3.2. In Silico Analysis

The analysis of physicochemical properties was performed using DataWarrior software version 5.5.0. The structure–activity similarity (SAS) map was analyzed using Activity Landscape Plotter, an online open web platform (https://www.difacquim.com/d-tools/ (accessed on 10 December 2023)).

3.3. Cell Culture

Vero cell cultures grown in RPMI 1640 medium containing 10% fetal bovine serum (FBS) were cultured at 37 °C in a humidified atmosphere of 5% CO2 [82]. The cultures were used for drug screening assays and to obtain culture-derived trypomastigotes of T. cruzi.
The primary culture of heart muscle cells was obtained from fetuses of Swiss webster mice [83]. The heart was removed and the ventricles were fragmented and subjected to dissociation with trypsin and collagenase type II (Worthington Biochemical Corporation, Lakewood, USA) dissociation solution. Cell monolayers were employed to evaluate drug-induced cardiotoxicity.
Three-dimensional (3D) cardiac cells were obtained as previously described [84]. Briefly, isolated cardiac muscle cells (2.5 × 104 cells/well) were seeded in 96-well U-bottom plates coated with agarose (1%) to form cell aggregates. Cardiac microtissue (7 days in culture) was employed to determine cardiotoxicity and drug efficacy in more complex systems. All animal-use procedures were approved by the Animal Care and Use Committee of Instituto Oswaldo Cruz (license L017/2022-A2).

3.4. Trypanosoma cruzi

Genetically modified T. cruzi parasites, of clone Dm28c (TcI) expressing the firefly luciferase enzyme gene (Dm28c-Luc), were kindly provided by Dr. Cristina Henriques [85]. T. cruzi Dm28c-Luc was maintained in a Vero cell cultivated in RPMI 1640 medium supplemented with 10% FBS. At 4-day post-infection (dpi), trypomastigotes, released in the cell culture supernatant, were harvested, followed by sedimentation (4000 rpm/20 min/4 °C) and quantification in a Neubauer chamber [38]. Isolated trypomastigotes were used in the phenotypic screening assays as well as the antiparasitic activity in 3D cardiac microtissues, recovery (washout), and drug combination assays.

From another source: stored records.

(* Let $(x_j)_{j=1}^\infty$ be a Riesz basis for a real infinite dimensional Hilbert space $H$, and let $x\in H$. Then $(x_j)_{j=1}^\infty$ does stable phase retrieval near $x$ if and only if $\langle x,x_j\rangle=0$ for all but finitely many $j\in\mathbb N$.
   Context: The analysis operator of $(x_j)_{j=1}^\infty$ is $\Theta(x)=(\langle x,x_j\rangle)_{j=1}^\infty\in\ell_2$ and $|\Theta x|=(|\langle x,x_j\rangle|)_j$. For $x,y$ with $x\neq\pm y$, set $\Psi(x,y)=\||\Theta x|-|\Theta y|\|/\min_{\lambda=\pm1}\|x-\lambda y\|$. For $C>0$, the family does $C$-stable phase retrieval near $x$ if $\liminf_{y\to x,\ y\neq\pm x} C\,\Psi(x,y)\ge1$, and does stable phase retrieval near $x$ if this holds for some $C>0$. *)

theory Defs
  imports "HOL-Analysis.Analysis"
begin

text \<open>Real Hilbert spaces are modelled by types of class real_inner + complete_space.\<close>

definition infinite_dimensional :: "'a::real_vector itself \<Rightarrow> bool" where
  "infinite_dimensional _ \<longleftrightarrow> \<not> (\<exists>S::'a set. finite S \<and> span S = UNIV)"

definition orthonormal_basis :: "(nat \<Rightarrow> 'a::real_inner) \<Rightarrow> bool" where
  "orthonormal_basis e \<longleftrightarrow>
     (\<forall>i j. e i \<bullet> e j = (if i = j then 1 else 0)) \<and> closure (span (range e)) = UNIV"

definition riesz_basis :: "(nat \<Rightarrow> 'a::{real_inner,complete_space}) \<Rightarrow> bool" where
  "riesz_basis xs \<longleftrightarrow>
     (\<exists>(e::nat \<Rightarrow> 'a) (T::'a \<Rightarrow> 'a). orthonormal_basis e \<and> bounded_linear T \<and> bij T \<and> (\<forall>j. T (e j) = xs j))"

definition abs_analysis_dist :: "(nat \<Rightarrow> 'a::real_inner) \<Rightarrow> 'a \<Rightarrow> 'a \<Rightarrow> real" where
  "abs_analysis_dist xs x y = sqrt (\<Sum>j. (\<bar>x \<bullet> xs j\<bar> - \<bar>y \<bullet> xs j\<bar>)\<^sup>2)"

definition Psi :: "(nat \<Rightarrow> 'a::real_inner) \<Rightarrow> 'a \<Rightarrow> 'a \<Rightarrow> real" where
  "Psi xs x y = abs_analysis_dist xs x y / min (norm (x - y)) (norm (x + y))"

definition C_stable_pr_near :: "real \<Rightarrow> (nat \<Rightarrow> 'a::real_inner) \<Rightarrow> 'a \<Rightarrow> bool" where
  "C_stable_pr_near C xs x \<longleftrightarrow>
     Liminf (at x within - {x, - x}) (\<lambda>y. ereal (C * Psi xs x y)) \<ge> 1"

definition stable_pr_near :: "(nat \<Rightarrow> 'a::real_inner) \<Rightarrow> 'a \<Rightarrow> bool" where
  "stable_pr_near xs x \<longleftrightarrow> (\<exists>C>0. C_stable_pr_near C xs x)"

end

theory Submission
  imports Defs
begin

text \<open>By the bounded
  inverse theorem a Riesz basis shares two features of an orthonormal basis: the lower frame
  bound \<open>\<parallel>y\<parallel> \<le> K \<parallel>\<Theta> y\<parallel>\<close>, and a bounded biorthogonal sequence \<open>(z\<^sub>j)\<close>.
  If \<open>x\<close> has finite support, then for \<open>y\<close> near \<open>x\<close> the nonzero coefficients of \<open>x\<close> and \<open>y\<close>
  have the same signs, so \<open>\<parallel>|\<Theta> x| - |\<Theta> y|\<parallel> = \<parallel>\<Theta> (x - y)\<parallel> \<ge> \<parallel>x - y\<parallel> / K\<close>.
  If \<open>x\<close> has infinite support, flipping the sign of one small coefficient,
  \<open>y = x - 2 \<langle>x, x\<^sub>j\<rangle> z\<^sub>j\<close>, gives points arbitrarily close to \<open>x\<close>, different from \<open>\<plusminus>x\<close>,
  with \<open>|\<Theta> y| = |\<Theta> x|\<close>.\<close>

section \<open>Orthonormal expansions\<close>

definition orthonormal_seq :: "(nat \<Rightarrow> 'a::real_inner) \<Rightarrow> bool" where
  "orthonormal_seq e \<longleftrightarrow> (\<forall>i j. e i \<bullet> e j = (if i = j then 1 else 0))"

lemma orthonormal_seqD: "orthonormal_seq e \<Longrightarrow> e i \<bullet> e j = (if i = j then 1 else 0)"
  unfolding orthonormal_seq_def by blast

lemma orthonormal_basis_iff:
  "orthonormal_basis e \<longleftrightarrow> orthonormal_seq e \<and> closure (span (range e)) = UNIV"
  unfolding orthonormal_basis_def orthonormal_seq_def ..

lemma inner_sum_orthonormal:
  assumes "orthonormal_seq e" "finite I"
  shows "(\<Sum>i\<in>I. c i *\<^sub>R e i) \<bullet> e j = (if j \<in> I then c j else 0)"
proof -
  have "(\<Sum>i\<in>I. c i *\<^sub>R e i) \<bullet> e j = (\<Sum>i\<in>I. if i = j then c i else 0)"
    unfolding inner_sum_left by (intro sum.cong) (auto simp: orthonormal_seqD[OF assms(1)])
  with assms(2) show ?thesis
    by (simp add: sum.delta')
qed

lemma norm_sum_orthonormal_squared:
  assumes "orthonormal_seq e" "finite I"
  shows "(norm (\<Sum>i\<in>I. c i *\<^sub>R e i))\<^sup>2 = (\<Sum>i\<in>I. (c i)\<^sup>2)"
proof -
  have "(norm (\<Sum>i\<in>I. c i *\<^sub>R e i))\<^sup>2 = (\<Sum>j\<in>I. c j * ((\<Sum>i\<in>I. c i *\<^sub>R e i) \<bullet> e j))"
    by (simp only: power2_norm_eq_inner inner_sum_right inner_scaleR_right)
  also have "\<dots> = (\<Sum>j\<in>I. (c j)\<^sup>2)"
    by (intro sum.cong) (auto simp: inner_sum_orthonormal[OF assms] power2_eq_square)
  finally show ?thesis .
qed

definition partial_expansion :: "(nat \<Rightarrow> 'a::real_inner) \<Rightarrow> nat \<Rightarrow> 'a \<Rightarrow> 'a" where
  "partial_expansion e n z = (\<Sum>i<n. (z \<bullet> e i) *\<^sub>R e i)"

lemma partial_expansion_in_span: "partial_expansion e n z \<in> span (e ` {..<n})"
  unfolding partial_expansion_def by (intro span_sum span_scale span_base) auto

lemma partial_expansion_residual_orthogonal:
  assumes "orthonormal_seq e" "w \<in> span (e ` {..<n})"
  shows "orthogonal (z - partial_expansion e n z) w"
proof (rule orthogonal_to_span[OF assms(2)], unfold orthogonal_def)
  fix v assume "v \<in> e ` {..<n}"
  then obtain j where "j < n" "v = e j" by blast
  then show "(z - partial_expansion e n z) \<bullet> v = 0"
    using inner_sum_orthonormal[OF assms(1), of "{..<n}" "\<lambda>i. z \<bullet> e i" j]
    by (simp add: partial_expansion_def inner_diff_left)
qed
lemma transpose_comp_in_r_derangements_on_iff:
  assumes m: "m \<notin> S \<union> N" and a: "a \<in> S \<union> N" and q: "q permutes S \<union> N"
  shows "Transposition.transpose a m \<circ> q \<in> r_derangements_on S (insert m N) \<longleftrightarrow>
    (\<forall>x\<in>S \<union> N. q x = x \<longrightarrow> x = a) \<and> in_distinct_cycles q S"
proof -
  let ?p = "Transposition.transpose a m \<circ> q"
  have qm: "q m = m" using q m by (simp add: permutes_not_in)
  have inj: "inj q" using q by (rule permutes_inj)
  have am: "a \<noteq> m" using a m by blast
  have "q permutes S \<union> insert m N" using q by (rule permutes_subset) blast
  moreover have "Transposition.transpose a m permutes S \<union> insert m N"
    using a by (intro permutes_swap_id) auto
  ultimately have perm: "?p permutes S \<union> insert m N" by (rule permutes_compose)
  have fixed: "(\<forall>x\<in>S \<union> insert m N. ?p x \<noteq> x) \<longleftrightarrow> (\<forall>x\<in>S \<union> N. q x = x \<longrightarrow> x = a)"
    unfolding transpose_comp_fixpoint_iff[OF qm inj am] using m by blast
  have "reaches ?p i j \<longleftrightarrow> reaches q i j" if "i \<in> S" "j \<in> S" for i j
    using m that by (intro reaches_transpose_comp_iff[OF qm inj am]) auto
  then have cyc: "in_distinct_cycles ?p S \<longleftrightarrow> in_distinct_cycles q S"
    unfolding in_distinct_cycles_def by blast
  show ?thesis
    unfolding r_derangements_on_def mem_Collect_eq by (simp only: perm fixed cyc simp_thms)
qed

lemma r_derangements_on_insert:
  assumes m: "m \<notin> S \<union> N"
  shows "r_derangements_on S (insert m N) =
    (\<Union>a\<in>S \<union> N. (\<circ>) (Transposition.transpose a m) `
       (r_derangements_on S N \<union> r_derangements_on (S - {a}) (N - {a})))"
proof (intro equalityI subsetI)
  fix p assume p: "p \<in> r_derangements_on S (insert m N)"
  define a where "a = p m"
  define q where "q = Transposition.transpose a m \<circ> p"
  have perm: "p permutes S \<union> insert m N" using p by (simp add: r_derangements_on_def)
  have "\<forall>x\<in>S \<union> insert m N. p x \<noteq> x" using p by (simp add: r_derangements_on_def)
  then have a: "a \<in> S \<union> N"
    using permutes_in_image[OF perm, of m] by (auto simp: a_def)
  have pq: "p = Transposition.transpose a m \<circ> q"
    by (simp add: q_def comp_assoc[symmetric])
  have "q permutes S \<union> insert m N"
    unfolding q_def by (rule permutes_compose[OF perm permutes_swap_id]) (use a in blast)+
  then have "q permutes S \<union> N"
    by (rule permutes_superset) (auto simp: q_def a_def)
  moreover note p[unfolded pq transpose_comp_in_r_derangements_on_iff[OF m a this]]
  ultimately have "q \<in> r_derangements_on S N \<union> r_derangements_on (S - {a}) (N - {a})"
    unfolding r_derangements_on_Un_delete_iff[OF a] by blast
  then show "p \<in> (\<Union>a\<in>S \<union> N. (\<circ>) (Transposition.transpose a m) `
       (r_derangements_on S N \<union> r_derangements_on (S - {a}) (N - {a})))"
    using a pq by blast
next
  fix p assume "p \<in> (\<Union>a\<in>S \<union> N. (\<circ>) (Transposition.transpose a m) `
       (r_derangements_on S N \<union> r_derangements_on (S - {a}) (N - {a})))"
  then obtain a q where a: "a \<in> S \<union> N" and p: "p = Transposition.transpose a m \<circ> q"
    and q: "q \<in> r_derangements_on S N \<union> r_derangements_on (S - {a}) (N - {a})"
    by blast
  from q have "q permutes S \<union> N" "(\<forall>x\<in>S \<union> N. q x = x \<longrightarrow> x = a) \<and> in_distinct_cycles q S"
    unfolding r_derangements_on_Un_delete_iff[OF a] by simp_all
  then show "p \<in> r_derangements_on S (insert m N)"
    unfolding p by (simp add: transpose_comp_in_r_derangements_on_iff[OF m a])
qed
text \<open>f p stands for the count f(p) and W p for the part of it below outputs strictly below p,
  so that f p - W p is the conditioned count F_p; s is the output procedure's estimate of W and
  fmax p - s p the estimated conditioned count F'_p.\<close>

locale hhh_output =
  fixes T :: "'b list set" and h :: nat and P :: "'b list set"
    and fmax fmin s f W :: "'b list \<Rightarrow> real" and E :: real
  assumes hierarchy: "hierarchy T h"
    and output_subset: "P \<subseteq> T"
    and s_children: "\<And>p. p \<in> T \<Longrightarrow> s p = (\<Sum>q\<in>children T p. if q \<in> P then fmin q else s q)"
    and W_children: "\<And>p. p \<in> T \<Longrightarrow> W p = (\<Sum>q\<in>children T p. if q \<in> P then f q else W q)"
    and fmax_le: "\<And>p. p \<in> T \<Longrightarrow> fmax p \<le> f p + E"
    and fmin_le: "\<And>p. p \<in> T \<Longrightarrow> fmin p \<le> f p"
    and le_fmin: "\<And>p. p \<in> T \<Longrightarrow> f p \<le> fmin p + E"
begin

lemma finite_output: "finite P"
  using hierarchy output_subset finite_subset unfolding hierarchy_def by blast

lemma root_in_hierarchy: "[] \<in> T"
  using hierarchy by (simp add: hierarchy_def)

lemma error_nonneg: "0 \<le> E"
  using fmin_le[OF root_in_hierarchy] le_fmin[OF root_in_hierarchy] by linarith

text \<open>W p - s p is the sum of f r - fmin r \<in> [0, E] over the outputs r below p with no output
  in between, so on the left of the bound each output r is charged once, by its nearest
  output ancestor or by p.\<close>

lemma covered_error_bound:
  assumes "p \<in> T"
  shows "0 \<le> W p - s p
    \<and> (W p - s p) + (\<Sum>r\<in>{r\<in>P. strict_prefix p r}. W r - s r) \<le> E * card {r\<in>P. strict_prefix p r}"
  using assms
proof (induction p rule: measure_induct_rule[where f = "\<lambda>p. h - length p"])
  case (less p)
  define X where "X r = W r - s r" for r
  define D where "D q = {r\<in>P. strict_prefix q r}" for q
  have child: "q \<in> T" "0 \<le> X q" "X q + (\<Sum>r\<in>D q. X r) \<le> E * card (D q)"
    "0 \<le> f q - fmin q" "f q - fmin q \<le> E"
    if "q \<in> children T p" for q
  proof -
    show "q \<in> T"
      using children_strict_prefix(3)[OF that] .
    moreover have "h - length q < h - length p"
      using children_strict_prefix(2)[OF that] hierarchy_length_le[OF hierarchy \<open>q \<in> T\<close>] by simp
    ultimately show "0 \<le> X q" "X q + (\<Sum>r\<in>D q. X r) \<le> E * card (D q)"
      using less.IH unfolding X_def D_def by blast+
    show "0 \<le> f q - fmin q" "f q - fmin q \<le> E"
      using fmin_le le_fmin \<open>q \<in> T\<close> by force+
  qed
  have X_p: "X p = (\<Sum>q\<in>children T p. if q \<in> P then f q - fmin q else X q)"
    using s_children[OF less.prems] W_children[OF less.prems]
    by (simp add: X_def sum_subtractf[symmetric] if_distrib cong: if_cong)
  have split: "(\<Sum>r\<in>D p. g r) = (\<Sum>q\<in>children T p. (if q \<in> P then g q else 0) + (\<Sum>r\<in>D q. g r))"
    for g :: "'b list \<Rightarrow> real"
    unfolding D_def
    by (subst sum_strict_descendants_children[OF hierarchy output_subset])
      (simp add: sum_descendants_split[OF finite_output])
  have "X p + (\<Sum>r\<in>D p. X r)
      = (\<Sum>q\<in>children T p. (if q \<in> P then f q - fmin q + X q else X q) + (\<Sum>r\<in>D q. X r))"
    unfolding X_p split sum.distrib[symmetric] by (intro sum.cong) auto
  also have "\<dots> \<le> (\<Sum>q\<in>children T p. E * ((if q \<in> P then 1 else 0) + real (card (D q))))"
  proof (rule sum_mono)
    fix q
    assume "q \<in> children T p"
    from child[OF this] show "(if q \<in> P then f q - fmin q + X q else X q) + (\<Sum>r\<in>D q. X r)
        \<le> E * ((if q \<in> P then 1 else 0) + real (card (D q)))"
      by (auto simp: algebra_simps)
  qed
  also have "\<dots> = E * card (D p)"
    using split[of "\<lambda>_. 1"] by (simp add: sum_distrib_left)
  finally show ?case
    using child X_p by (auto simp: X_def D_def intro: sum_nonneg)
qed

3.5. Toxicity in Mammalian Cells

Vero cells (1.5 ×104 cells/well), cultivated for 24 h at 37 °C in white 96-well plates with clear bottoms, were used to assess the toxicity of the pyrazole-thiadiazole derivatives (series 1 and 2). After washing, the cells were incubated for 72 h at 37 °C with different drug concentrations (500–1.95 μM). Cell viability was measured by adding 20 μL/well of CellTiter Glo reagent (Promega Corporation, Madison, WI, USA). This cell viability kit generates a luminescent signal proportional to the amount of ATP. The luminescence readout was performed using the Glomax Microplate Reader (Promega Corporation, Madison, WI, USA). Thus, the 50% cytotoxicity concentration (CC50), which reduces the cell viability by 50% (CC50), was calculated with Prism GraphPad software (version 8.2.1) [37,38].
Additionally, the cytotoxicity of the most active compounds was performed in cardiac monolayers (2D) and 3D spheroids models. The 2D cardiac cultures (5 × 104 cells/well) and 3D cardiac microtissues (2.5 × 104 cells/well) were incubated for 72 h at 37 °C with pyrazole-thiadiazole candidates followed by ATP detection by CellTiter-Glo [86]. A minimum of 3 independent assays were performed in duplicate.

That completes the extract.